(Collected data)
□ □ □
(* Let $(G,X,\Gamma)$ be a $(\mu,\nu)$-path system group. Assume that $G$ contains a constricting element. Then either $G$ is virtually cyclic or $G$ contains a free subgroup of rank two.
   Context: A path in a metric space $X$ is a rectifiable continuous map $\alpha\colon[a,b]\to X$ parametrised by arc length; it is a $(\kappa,\lambda)$-quasi-geodesic if $d(\alpha(t),\alpha(t'))\le |t-t'|\le \kappa\, d(\alpha(t),\alpha(t'))+\lambda$ for all $t,t'$. A $(\mu,\nu)$-path system on a geodesic metric space $X$ is a collection $\Gamma$ of paths closed under subpaths, such that any two points are joined by an element of $\Gamma$ and every element of $\Gamma$ is a $(\mu,\nu)$-quasi-geodesic. A $(\mu,\nu)$-path system group $(G,X,\Gamma)$ is a group $G$ acting properly by isometries on a geodesic metric space $X$ (balls $B_G(x,r)=\{g: d(x,gx)\le r\}$ finite) with $\Gamma$ a $G$-invariant $(\mu,\nu)$-path system. A subset $A\subseteq X$ is $\delta$-constricting if there is $\pi_A\colon X\to A$ with (CS1) $d(x,\pi_A(x))\le\delta$ for $x\in A$, and (CS2) for all $x,y\in X$ and $\gamma\in\Gamma$ joining $x$ to $y$, if $d(\pi_A(x),\pi_A(y))>\delta$ then $\gamma$ meets $B_X(\pi_A(x),\delta)$ and $B_X(\pi_A(y),\delta)$. An element $g\in G$ is constricting if it has infinite order and for some $\delta\ge0$ there is a $\langle g\rangle$-invariant $\delta$-constricting subset $A$ on which $\langle g\rangle$ acts $\delta$-coboundedly (for all $a,a'\in A$ there is $k\in\langle g\rangle$ with $d(a,ka')\le\delta$). *)

theory Defs
  imports "HOL-Analysis.Analysis" "HOL-Algebra.Algebra"
begin

text \<open>A path is represented as a triple (a, b, alpha), with domain the interval [a,b];
  values of alpha outside [a,b] are irrelevant.\<close>

type_synonym 'x rpath = "real \<times> real \<times> (real \<Rightarrow> 'x)"

definition partition_sums :: "(real \<Rightarrow> 'x::metric_space) \<Rightarrow> real \<Rightarrow> real \<Rightarrow> real set" where
  "partition_sums \<alpha> s t =
     {(\<Sum>i<n. dist (\<alpha> (p i)) (\<alpha> (p (Suc i)))) | p n.
        p 0 = s \<and> p n = t \<and> (\<forall>i<n. p i \<le> p (Suc i))}"

definition curve_length :: "(real \<Rightarrow> 'x::metric_space) \<Rightarrow> real \<Rightarrow> real \<Rightarrow> real" where
  "curve_length \<alpha> s t = Sup (partition_sums \<alpha> s t)"

definition rectifiable_on :: "(real \<Rightarrow> 'x::metric_space) \<Rightarrow> real \<Rightarrow> real \<Rightarrow> bool" where
  "rectifiable_on \<alpha> a b \<longleftrightarrow> continuous_on {a..b} \<alpha> \<and> bdd_above (partition_sums \<alpha> a b)"

definition is_path :: "'x::metric_space rpath \<Rightarrow> bool" where
  "is_path \<gamma> \<longleftrightarrow> (case \<gamma> of (a, b, \<alpha>) \<Rightarrow>
     a \<le> b \<and> rectifiable_on \<alpha> a b \<and>
     (\<forall>s t. a \<le> s \<and> s \<le> t \<and> t \<le> b \<longrightarrow> curve_length \<alpha> s t = t - s))"

definition quasi_geodesic :: "real \<Rightarrow> real \<Rightarrow> 'x::metric_space rpath \<Rightarrow> bool" where
  "quasi_geodesic \<kappa> lam \<gamma> \<longleftrightarrow> (case \<gamma> of (a, b, \<alpha>) \<Rightarrow>
     (\<forall>t\<in>{a..b}. \<forall>t'\<in>{a..b}.
        dist (\<alpha> t) (\<alpha> t') \<le> \<bar>t - t'\<bar> \<and> \<bar>t - t'\<bar> \<le> \<kappa> * dist (\<alpha> t) (\<alpha> t') + lam))"

text \<open>Membership in a path collection, up to the (irrelevant) values outside the domain.\<close>
definition in_paths :: "'x rpath set \<Rightarrow> 'x rpath \<Rightarrow> bool" where
  "in_paths \<Gamma> \<gamma> \<longleftrightarrow> (case \<gamma> of (a, b, \<alpha>) \<Rightarrow>
     (\<exists>\<beta>. (a, b, \<beta>) \<in> \<Gamma> \<and> (\<forall>t\<in>{a..b}. \<beta> t = \<alpha> t)))"

definition joins :: "'x rpath \<Rightarrow> 'x \<Rightarrow> 'x \<Rightarrow> bool" where
  "joins \<gamma> x y \<longleftrightarrow> (case \<gamma> of (a, b, \<alpha>) \<Rightarrow> \<alpha> a = x \<and> \<alpha> b = y)"

definition geodesic_space :: "'x::metric_space itself \<Rightarrow> bool" where
  "geodesic_space _ \<longleftrightarrow> (\<forall>x y::'x. \<exists>\<alpha>. \<alpha> 0 = x \<and> \<alpha> (dist x y) = y \<and>
      (\<forall>s\<in>{0..dist x y}. \<forall>t\<in>{0..dist x y}. dist (\<alpha> s) (\<alpha> t) = \<bar>s - t\<bar>))"

definition path_system :: "real \<Rightarrow> real \<Rightarrow> 'x::metric_space rpath set \<Rightarrow> bool" where
  "path_system \<mu> \<nu> \<Gamma> \<longleftrightarrow>
     (\<forall>\<gamma>\<in>\<Gamma>. is_path \<gamma>) \<and>
     (\<forall>a b \<alpha> a' b'. (a, b, \<alpha>) \<in> \<Gamma> \<and> a \<le> a' \<and> a' \<le> b' \<and> b' \<le> b \<longrightarrow> in_paths \<Gamma> (a', b', \<alpha>)) \<and>
     (\<forall>x y. \<exists>\<gamma>\<in>\<Gamma>. joins \<gamma> x y) \<and>
     (\<forall>\<gamma>\<in>\<Gamma>. quasi_geodesic \<mu> \<nu> \<gamma>)"

definition isometric_action :: "('g, 'm) monoid_scheme \<Rightarrow> ('g \<Rightarrow> 'x::metric_space \<Rightarrow> 'x) \<Rightarrow> bool" where
  "isometric_action G \<phi> \<longleftrightarrow>
     \<phi> \<one>\<^bsub>G\<^esub> = id \<and>
     (\<forall>g\<in>carrier G. \<forall>h\<in>carrier G. \<phi> (g \<otimes>\<^bsub>G\<^esub> h) = \<phi> g \<circ> \<phi> h) \<and>
     (\<forall>g\<in>carrier G. surj (\<phi> g) \<and> (\<forall>x y. dist (\<phi> g x) (\<phi> g y) = dist x y))"

definition proper_action :: "('g, 'm) monoid_scheme \<Rightarrow> ('g \<Rightarrow> 'x::metric_space \<Rightarrow> 'x) \<Rightarrow> bool" where
  "proper_action G \<phi> \<longleftrightarrow> (\<forall>x r. finite {g \<in> carrier G. dist x (\<phi> g x) \<le> r})"

definition path_system_group ::
  "real \<Rightarrow> real \<Rightarrow> ('g, 'm) monoid_scheme \<Rightarrow> ('g \<Rightarrow> 'x::metric_space \<Rightarrow> 'x) \<Rightarrow> 'x rpath set \<Rightarrow> bool" where
  "path_system_group \<mu> \<nu> G \<phi> \<Gamma> \<longleftrightarrow>
     group G \<and> geodesic_space TYPE('x) \<and> isometric_action G \<phi> \<and> proper_action G \<phi> \<and>
     path_system \<mu> \<nu> \<Gamma> \<and>
     (\<forall>g\<in>carrier G. \<forall>a b \<alpha>. (a, b, \<alpha>) \<in> \<Gamma> \<longrightarrow> in_paths \<Gamma> (a, b, \<phi> g \<circ> \<alpha>))"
□ □ □
Work required: From the data, collect all lines where the string "exists" appears.

Response box:
     (\<exists>\<beta>. (a, b, \<beta>) \<in> \<Gamma> \<and> (\<forall>t\<in>{a..b}. \<beta> t = \<alpha> t)))"
  "geodesic_space _ \<longleftrightarrow> (\<forall>x y::'x. \<exists>\<alpha>. \<alpha> 0 = x \<and> \<alpha> (dist x y) = y \<and>
     (\<forall>x y. \<exists>\<gamma>\<in>\<Gamma>. joins \<gamma> x y) \<and>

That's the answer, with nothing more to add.